The distinctiveness, and success, of Swachh Bharat
With a bottom-up approach, India has become a global leader in sanitation. Plastic waste management is next
The Swachh Bharat Mission (SBM) is a leading example of an all-hands-ondeck-approach towards achieving a crucial national goal. Prime Minister Narendra Modi envisioned SBM to become a people’s movement, and it has truly become everyone’s priority. The partnerships and convergence that this programme has achieved, across states, between the public and private sectors, and most importantly, between the government and its citizens, is unique. Since the speech by the PM in 2014, the world’s largest behaviour change programme has managed to make incredible strides — increasing India’s sanitation coverage from 39% to nearly 100% in just five years. Over 10 crore toilets have been built across rural India so far, and over 5.99 lakh villages and 699 districts have been declared Open Defecation Free (ODF).
A significant reason for why this has been possible is because SBM followed a bottom-up approach to behaviour change, and a widespread partnership-driven approach to implementation. SBM followed a demand-driven approach, as opposed to the supply-driven approach of previous sanitation programmes. Panchayat members, ASHA and anganwadi workers, women, children, youth workers, school teachers, senior citizens, and the differently-abled took ownership of, and led the
swachhata brigade in their communities. At the same time, the mission seamlessly promoted the basic principles of cooperative federalism. It provided ample flexibility to states to tweak the campaign and delivery mechanisms to suit their cultural contexts. It also built effective monitoring systems to track progress, such as geo-tagging of toilets, and multiple layers of verification by citizens, the administration, and independent parties. It subsequently incentivised the best-performing states and districts. The National Annual Rural Sanitation Survey (NARSS 2019-20), conducted by an independent verification agency under the World Bank support project to SBM, broadly confirms these achievements for rural India.
The mission has also relied on strategically utilising resources and social capital from other ministries. Under the Swachhata Action Plan, various non-sanitation departments have contributed an additional ~45,000 crore for sanitation in their respective sectors, including highways, petrol pumps, railways, schools, hospitals, and others. They have further strived to make sanitation everyone’s business.

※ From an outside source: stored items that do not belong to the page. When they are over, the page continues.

(* With $N_U(B)$ as defined below, let $\mathcal{N}(B)$ be the number of $(\eta_1,\dots,\eta_8,\alpha_1,\alpha_2,\alpha_3)\in\mathbb{Z}^{11}$ satisfying $$\eta_1^2\eta_2\alpha_1^3+\eta_7\alpha_2^2+\eta_4\eta_5^2\eta_6^3\eta_8^4\alpha_3=0,$$ $\eta_1,\dots,\eta_8,\alpha_2\ge1$, the height conditions $$\eta_1^2\eta_2^4\eta_3^6\eta_4^5\eta_5^4\eta_6^3\eta_7^3\eta_8^2\le B,\quad |\eta_1^2\eta_2^3\eta_3^4\eta_4^3\eta_5^2\eta_6\eta_7^2\alpha_1|\le B,\quad |\alpha_3|\le B,\quad \eta_1^3\eta_2^6\eta_3^9\eta_4^7\eta_5^5\eta_6^3\eta_7^5\eta_8\alpha_2\le B^2,$$ and the coprimality conditions $\gcd(\alpha_1,\eta_2\cdots\eta_8)=\gcd(\alpha_2,\eta_1\cdots\eta_6\eta_8)=\gcd(\alpha_3,\eta_1\cdots\eta_7)=1$, $\gcd(\eta_8,\eta_1\cdots\eta_5\eta_7)=\gcd(\eta_7,\eta_1\eta_2\eta_4\eta_5\eta_6)=\gcd(\eta_6,\eta_1\cdots\eta_4)=1$, $\gcd(\eta_5,\eta_1\eta_2\eta_3)=\gcd(\eta_4,\eta_1\eta_2)=\gcd(\eta_3,\eta_1)=1$. Then $N_U(B)=2\mathcal{N}(B)+O(B^{2/3})$.
   Context: $N_U(B)=\frac12\#\{\mathbf{x}=(x_0,x_1,x_2,x_3)\in\mathbb{Z}^4:\ x_0^2=x_1x_2^3+x_1^3x_3,\ x_1\ne0,\ \gcd(x_1,x_2,x_3)=1,\ |x_i|\le B\ (1\le i\le3),\ |x_0|\le B^2\}$. *)

theory Defs
  imports Complex_Main "HOL-Library.Landau_Symbols"
begin

definition NU_set :: "real \<Rightarrow> (int \<times> int \<times> int \<times> int) set" where
  "NU_set B = {(x0, x1, x2, x3).
      x0^2 = x1 * x2^3 + x1^3 * x3 \<and> x1 \<noteq> 0 \<and> gcd x1 (gcd x2 x3) = 1 \<and>
      real_of_int \<bar>x1\<bar> \<le> B \<and> real_of_int \<bar>x2\<bar> \<le> B \<and> real_of_int \<bar>x3\<bar> \<le> B \<and>
      real_of_int \<bar>x0\<bar> \<le> B^2}"

definition N_U :: "real \<Rightarrow> real" where
  "N_U B = real (card (NU_set B)) / 2"

definition torsor_cond :: "real \<Rightarrow> int \<Rightarrow> int \<Rightarrow> int \<Rightarrow> int \<Rightarrow> int \<Rightarrow> int \<Rightarrow> int \<Rightarrow> int
    \<Rightarrow> int \<Rightarrow> int \<Rightarrow> int \<Rightarrow> bool" where
  "torsor_cond B e1 e2 e3 e4 e5 e6 e7 e8 a1 a2 a3 \<longleftrightarrow>
     e1^2 * e2 * a1^3 + e7 * a2^2 + e4 * e5^2 * e6^3 * e8^4 * a3 = 0 \<and>
     e1 \<ge> 1 \<and> e2 \<ge> 1 \<and> e3 \<ge> 1 \<and> e4 \<ge> 1 \<and> e5 \<ge> 1 \<and> e6 \<ge> 1 \<and> e7 \<ge> 1 \<and> e8 \<ge> 1 \<and>
     a2 \<ge> 1 \<and>
     real_of_int (e1^2 * e2^4 * e3^6 * e4^5 * e5^4 * e6^3 * e7^3 * e8^2) \<le> B \<and>
     real_of_int \<bar>e1^2 * e2^3 * e3^4 * e4^3 * e5^2 * e6 * e7^2 * a1\<bar> \<le> B \<and>
     real_of_int \<bar>a3\<bar> \<le> B \<and>
     real_of_int (e1^3 * e2^6 * e3^9 * e4^7 * e5^5 * e6^3 * e7^5 * e8 * a2) \<le> B^2 \<and>
     gcd a1 (e2 * e3 * e4 * e5 * e6 * e7 * e8) = 1 \<and>
     gcd a2 (e1 * e2 * e3 * e4 * e5 * e6 * e8) = 1 \<and>
     gcd a3 (e1 * e2 * e3 * e4 * e5 * e6 * e7) = 1 \<and>
     gcd e8 (e1 * e2 * e3 * e4 * e5 * e7) = 1 \<and>
     gcd e7 (e1 * e2 * e4 * e5 * e6) = 1 \<and>
     gcd e6 (e1 * e2 * e3 * e4) = 1 \<and>
     gcd e5 (e1 * e2 * e3) = 1 \<and>
     gcd e4 (e1 * e2) = 1 \<and>
     gcd e3 e1 = 1"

The success of SBM has created a blueprint for large-scale participatory development programmes, and other programmes of the government are in fact imbibing many facets of it. For example, the POSHAN scheme is leveraging the social capital of various grassroots functionaries, volunteers, self -help groups, and swachhagrahis, to bring about behaviour change at the grassroots.
SBM has also created several economic opportunities. The Toilet Board Coalition estimates that the “sanitation economy” in India will be worth $62 billion by 2021, creating many new jobs, even in the most rural areas of the country, apart from reducing health and environmental costs, and generating savings for households. Many people engaged in the business of manufacturing toilet related hardware accessories have reported large growth in sales during the SBM period, and they project a continued uptrend through retrofitting and upgrade. The government is now focusing on enhancing access to solid and liquid waste management, and most importantly, plastic waste management.
In a major step towards curbing plastic waste pollution, the PM, during his Independence Day speech, called on the nation to curb the use of single use plastic (SUP), and to collect plastic waste from their villages, towns and neighbourhoods on October 2. The collected waste will be safely disposed by being ploughed back into the economic cycle, either by getting recycled, or by being put to use in road construction, or as fuel in cement kilns.
India has emerged as a global leader in sanitation. Now, it is time for us to become a global leader in plastic waste management as well. The success of SBM is sure to inspire policy makers and programme implementers around the world who are envisioning large scale transformations along the lines of SBM.